Source records:
-------

lemma prod_list_mem_ideal_gen_edge_power_exps:
  "set xs \<subseteq> (edge_ideal_C5 :: 'k::field poly5 set) \<Longrightarrow>
     prod_list xs \<in> ideal_gen (monom ` edge_power_exps (length xs))"
proof (induction xs)
  case Nil
  show ?case
    by (simp add: ideal_gen_base monom_0[symmetric])
next
  case (Cons x xs)
  have "x * prod_list xs \<in> ideal_gen {s * t | s t. s \<in> monom ` range edge_exp \<and>
                                     t \<in> monom ` edge_power_exps (length xs)}"
    using Cons by (intro ideal_gen_mult) (auto simp: edge_ideal_C5_eq)
  also have "\<dots> \<subseteq> ideal_gen (monom ` edge_power_exps (Suc (length xs)))"
  proof (intro ideal_gen_subset subsetI)
    fix m assume "m \<in> {s * t | s t. s \<in> monom ` range edge_exp \<and>
                                     t \<in> monom ` edge_power_exps (length xs)}"
    then obtain j g where "g \<in> edge_power_exps (length xs)" "m = monom (edge_exp j + g)"
      by (auto simp: monom_mult)
    then show "m \<in> ideal_gen (monom ` edge_power_exps (Suc (length xs)))"
      by (intro ideal_gen_base imageI) auto
  qed
  finally show ?case
    by simp
qed

lemma edge_power_exps_prod_list:
  assumes "g \<in> edge_power_exps q"
  shows "\<exists>xs. length xs = q \<and> set xs \<subseteq> (edge_ideal_C5 :: 'k::field poly5 set) \<and>
           prod_list xs = monom g"
  using assms
proof (induction q arbitrary: g)
  case 0
  then show ?case
    by (simp add: monom_0)
next
  case (Suc q)
  then obtain j h where g: "g = edge_exp j + h" "h \<in> edge_power_exps q"
    by auto
  obtain xs where xs: "length xs = q" "set xs \<subseteq> (edge_ideal_C5 :: 'k poly5 set)"
    "prod_list xs = monom h"
    using Suc.IH[OF g(2)] by blast
  have "(monom (edge_exp j) :: 'k poly5) \<in> edge_ideal_C5"
    unfolding edge_ideal_C5_eq by (rule ideal_gen_base) simp
  with xs g(1) show ?case
    by (intro exI[of _ "monom (edge_exp j) # xs"]) (simp add: monom_mult)
qed

lemma ideal_pow_edge_ideal_C5:
  "ideal_pow (edge_ideal_C5 :: 'k::field poly5 set) q = ideal_gen (monom ` edge_power_exps q)"
proof
  show "ideal_pow edge_ideal_C5 q \<subseteq> ideal_gen (monom ` edge_power_exps q)"
    unfolding ideal_pow_def
    using prod_list_mem_ideal_gen_edge_power_exps by (intro ideal_gen_subset) blast
  have "monom ` edge_power_exps q \<subseteq> ideal_pow (edge_ideal_C5 :: 'k poly5 set) q"
  proof
    fix m :: "'k poly5" assume "m \<in> monom ` edge_power_exps q"
    then obtain g xs where "m = monom g" "length xs = q"
      "set xs \<subseteq> (edge_ideal_C5 :: 'k poly5 set)" "prod_list xs = monom g"
      using edge_power_exps_prod_list by blast
    then show "m \<in> ideal_pow edge_ideal_C5 q"
      unfolding ideal_pow_def by (intro ideal_gen_base CollectI exI[of _ xs]) simp
  qed
  then show "ideal_gen (monom ` edge_power_exps q) \<subseteq> ideal_pow (edge_ideal_C5 :: 'k poly5 set) q"
    unfolding ideal_pow_def by (rule ideal_gen_subset)
qed

lemma min_mon_gens_ideal_pow_edge_ideal_C5:
  "min_mon_gens (ideal_pow (edge_ideal_C5 :: 'k::field poly5 set) q) = edge_power_exps q"
  unfolding ideal_pow_edge_ideal_C5
  by (rule min_mon_gens_monomial_ideal)
    (auto simp: edge_power_exps_eq ivec_eq_iff[symmetric] ivec_le_iff[symmetric]
      dest: polytope_point_antichain)

lemma edge_power_exps_exchange:
  assumes "2 \<le> q" "a \<in> edge_power_exps q" "u \<in> edge_power_exps q"
    and "order_key (int q) (ivec a) < order_key (int q) (ivec u)"
  shows "\<exists>v. Poly_Mapping.lookup u v < Poly_Mapping.lookup a v \<and>
    (\<exists>b\<in>edge_power_exps q. order_key (int q) (ivec b) < order_key (int q) (ivec u) \<and>
       Poly_Mapping.lookup b \<le> Poly_Mapping.lookup (u + Poly_Mapping.single v 1))"
proof -
  obtain v w where less: "ivec u v < ivec a v"
    and point: "polytope_point (int q) (ivec u + unit_vec v - unit_vec w)"
    and key_less:
      "order_key (int q) (ivec u + unit_vec v - unit_vec w) < order_key (int q) (ivec u)"
    using polytope_point_exchange[of "int q" "ivec a" "ivec u"] assms
    by (auto simp: edge_power_exps_eq)
  define b where "b = u + Poly_Mapping.single v 1 - Poly_Mapping.single w 1"
  have "unit_vec w \<le> ivec u + unit_vec v"
    using point by (auto simp: polytope_point_def le_fun_def)
  then have "ivec b = ivec u + unit_vec v - unit_vec w"
    unfolding b_def by (subst ivec_diff) (simp_all only: ivec_add ivec_single)
  with point key_less have "b \<in> edge_power_exps q"
    and "order_key (int q) (ivec b) < order_key (int q) (ivec u)"
    by (simp_all add: edge_power_exps_eq)
  moreover have "Poly_Mapping.lookup b \<le> Poly_Mapping.lookup (u + Poly_Mapping.single v 1)"
    unfolding b_def by (simp add: le_fun_def lookup_minus)
  moreover have "Poly_Mapping.lookup u v < Poly_Mapping.lookup a v"
    using less by (simp add: ivec_def)
  ultimately show ?thesis
    by blast
qed

theorem proposition4p2:
  fixes q :: nat
  assumes "q \<ge> 2"
  shows "has_linear_quotients (ideal_pow (edge_ideal_C5 :: 'k::field poly5 set) q)"
proof (rule has_linear_quotients_if_exchange[where key = "order_key (int q) \<circ> ivec"])
  show "min_mon_gens (ideal_pow (edge_ideal_C5 :: 'k poly5 set) q) = edge_power_exps q"
    by (rule min_mon_gens_ideal_pow_edge_ideal_C5)
  show "finite (edge_power_exps q)"
    by (rule finite_edge_power_exps)
  show "inj_on (order_key (int q) \<circ> ivec) (edge_power_exps q)"
    using inj_on_order_key[of "int q"] ivec_eq_iff
    by (auto simp: inj_on_def edge_power_exps_eq)
qed (use edge_power_exps_exchange[OF assms] in simp)

end
lemma
  shows mult_add_right: "z \<cdot> (x + y) = z \<cdot> x + z \<cdot> y"
    and mult_diff_right: "z \<cdot> (x - y) = z \<cdot> x - z \<cdot> y"
    and mult_zero_right [simp]: "z \<cdot> 0 = 0"
    and mult_scale_right: "z \<cdot> sA k x = sA k (z \<cdot> x)"
proof -
  interpret Vector_Spaces.linear sA sA "\<lambda>x. z \<cdot> x"
    using unital unfolding unital_algebra_def by blast
  show "z \<cdot> (x + y) = z \<cdot> x + z \<cdot> y" by (rule add)
  show "z \<cdot> (x - y) = z \<cdot> x - z \<cdot> y" by (rule diff)
  show "z \<cdot> 0 = 0" by (rule zero)
  show "z \<cdot> sA k x = sA k (z \<cdot> x)" by (rule scale)
qed

lemma half_double: "sA (1/2) (x + x) = x"
  using two_nonzero by (simp flip: scale_left_distrib add: field_simps)

lemma double_cancel:
  fixes x y :: 'a
  shows "x + x = y + y \<Longrightarrow> x = y"
  by (metis half_double)

lemma assoc_iota_skew_expanded:
  "(\<iota> c \<cdot> y) \<cdot> z + (y \<cdot> \<iota> c) \<cdot> z = \<iota> c \<cdot> (y \<cdot> z) + y \<cdot> (\<iota> c \<cdot> z)"
  using assoc_iota_skew[of c y z] unfolding assoc_def by (simp add: algebra_simps)

lemma double_mult_iota_left:
  "(\<iota> c \<cdot> w) \<cdot> x + (\<iota> c \<cdot> w) \<cdot> x = \<iota> c \<cdot> (w \<cdot> x) + w \<cdot> (\<iota> c \<cdot> x) - (w \<cdot> \<iota> c - \<iota> c \<cdot> w) \<cdot> x"
  using assoc_iota_skew_expanded[of c w x] by (simp add: mult_diff_left algebra_simps)

lemma iota_anticommutator:
  "\<iota> d \<cdot> (\<iota> e \<cdot> y) + \<iota> e \<cdot> (\<iota> d \<cdot> y) = (\<iota> d \<cdot> \<iota> e) \<cdot> y + (\<iota> d \<cdot> \<iota> e) \<cdot> y"
  using assoc_iota_skew_expanded[of d "\<iota> e" y] by (simp add: iota_commute[of e d])

lemma symmetrized_triple_left_mult:
  "\<iota> c \<cdot> (\<iota> d \<cdot> (\<iota> e \<cdot> x)) + \<iota> c \<cdot> (\<iota> e \<cdot> (\<iota> d \<cdot> x))
     + \<iota> d \<cdot> (\<iota> e \<cdot> (\<iota> c \<cdot> x)) + \<iota> e \<cdot> (\<iota> d \<cdot> (\<iota> c \<cdot> x))
   = (\<iota> c \<cdot> (\<iota> d \<cdot> \<iota> e)) \<cdot> x + (\<iota> c \<cdot> (\<iota> d \<cdot> \<iota> e)) \<cdot> x
     + (\<iota> d \<cdot> (\<iota> e \<cdot> \<iota> c)) \<cdot> x + (\<iota> e \<cdot> (\<iota> d \<cdot> \<iota> c)) \<cdot> x"
  (is "?lhs = ?rhs")
proof -
  let ?de = "\<iota> d \<cdot> \<iota> e"
  have skew: "\<iota> c \<cdot> (?de \<cdot> x) + ?de \<cdot> (\<iota> c \<cdot> x) = (\<iota> c \<cdot> ?de) \<cdot> x + (?de \<cdot> \<iota> c) \<cdot> x"
    by (rule assoc_iota_skew_expanded[symmetric])
  have "?lhs = \<iota> c \<cdot> (\<iota> d \<cdot> (\<iota> e \<cdot> x) + \<iota> e \<cdot> (\<iota> d \<cdot> x))
                + (\<iota> d \<cdot> (\<iota> e \<cdot> (\<iota> c \<cdot> x)) + \<iota> e \<cdot> (\<iota> d \<cdot> (\<iota> c \<cdot> x)))"
    by (simp add: mult_add_right add.assoc)
  also have "\<dots> = \<iota> c \<cdot> (?de \<cdot> x + ?de \<cdot> x) + (?de \<cdot> (\<iota> c \<cdot> x) + ?de \<cdot> (\<iota> c \<cdot> x))"
    by (simp only: iota_anticommutator)
  also have "\<dots> = (\<iota> c \<cdot> (?de \<cdot> x) + ?de \<cdot> (\<iota> c \<cdot> x)) + (\<iota> c \<cdot> (?de \<cdot> x) + ?de \<cdot> (\<iota> c \<cdot> x))"
    by (simp add: mult_add_right ac_simps)
  also have "\<dots> = (\<iota> c \<cdot> ?de) \<cdot> x + (\<iota> c \<cdot> ?de) \<cdot> x + (?de \<cdot> \<iota> c + ?de \<cdot> \<iota> c) \<cdot> x"
    by (simp add: skew mult_add_left ac_simps)
  also have "\<dots> = ?rhs"
    by (simp add: iota_anticommutator[symmetric] mult_add_left add.assoc)
  finally show ?thesis .
qed

abbreviation left_commutator :: "'a \<Rightarrow> 'a \<Rightarrow> 'a \<Rightarrow> 'a" where
  "left_commutator x y z \<equiv> x \<cdot> (y \<cdot> z) - y \<cdot> (x \<cdot> z)"

lemma left_commutator_iota_mult_iota:
  "left_commutator (\<iota> c) (\<iota> d) (\<iota> e \<cdot> x)
   = \<iota> e \<cdot> left_commutator (\<iota> c) (\<iota> d) x + \<iota> (T c d e) \<cdot> x"
proof -
  have "left_commutator (\<iota> c) (\<iota> d) (\<iota> e \<cdot> x) - \<iota> e \<cdot> left_commutator (\<iota> c) (\<iota> d) x
    = (\<iota> c \<cdot> (\<iota> d \<cdot> (\<iota> e \<cdot> x)) + \<iota> c \<cdot> (\<iota> e \<cdot> (\<iota> d \<cdot> x))
        + \<iota> d \<cdot> (\<iota> e \<cdot> (\<iota> c \<cdot> x)) + \<iota> e \<cdot> (\<iota> d \<cdot> (\<iota> c \<cdot> x)))
    - (\<iota> d \<cdot> (\<iota> c \<cdot> (\<iota> e \<cdot> x)) + \<iota> d \<cdot> (\<iota> e \<cdot> (\<iota> c \<cdot> x))
        + \<iota> c \<cdot> (\<iota> e \<cdot> (\<iota> d \<cdot> x)) + \<iota> e \<cdot> (\<iota> c \<cdot> (\<iota> d \<cdot> x)))"
    by (simp add: mult_diff_right algebra_simps)
  also have "\<dots> = (\<iota> c \<cdot> (\<iota> d \<cdot> \<iota> e)) \<cdot> x - (\<iota> d \<cdot> (\<iota> c \<cdot> \<iota> e)) \<cdot> x"
    unfolding symmetrized_triple_left_mult
    by (simp add: iota_commute[of e c] iota_commute[of e d] iota_commute[of d c] algebra_simps)
  also have "\<dots> = \<iota> (T c d e) \<cdot> x"
    by (simp only: iota_triple flip: mult_diff_left)
  finally show ?thesis by (simp add: algebra_simps)
qed

inductive degree_le :: "nat \<Rightarrow> 'a \<Rightarrow> bool" where
  degree_le_one: "degree_le n one"
| degree_le_zero: "degree_le n 0"
| degree_le_add: "degree_le n x \<Longrightarrow> degree_le n y \<Longrightarrow> degree_le n (x + y)"
| degree_le_scale: "degree_le n x \<Longrightarrow> degree_le n (sA k x)"
| degree_le_mult_iota: "degree_le n x \<Longrightarrow> degree_le (Suc n) (\<iota> c \<cdot> x)"

lemma degree_le_diff: "degree_le n x \<Longrightarrow> degree_le n y \<Longrightarrow> degree_le n (x - y)"
  using degree_le_add[of n x "sA (-1) y"] degree_le_scale[of n y "-1"] by simp

lemma degree_le_half: "degree_le n (x + x) \<Longrightarrow> degree_le n x"
  by (metis degree_le_scale half_double)

lemma degree_le_Suc: "degree_le n x \<Longrightarrow> degree_le (Suc n) x"
  by (induction rule: degree_le.induct) (auto intro: degree_le.intros)

lemma degree_le_mono:
  assumes "degree_le i x" and "i \<le> j"
  shows "degree_le j x"
  using assms(2) by (induction j rule: dec_induct) (auto intro: degree_le_Suc assms(1))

-------

WHAT YOU HAVE TO DO:
Your answer should be the lines of the records that include the word "only".

EXERCISE ANSWER:
    unfolding b_def by (subst ivec_diff) (simp_all only: ivec_add ivec_single)
    by (simp only: iota_anticommutator)
    by (simp only: iota_triple flip: mult_diff_left)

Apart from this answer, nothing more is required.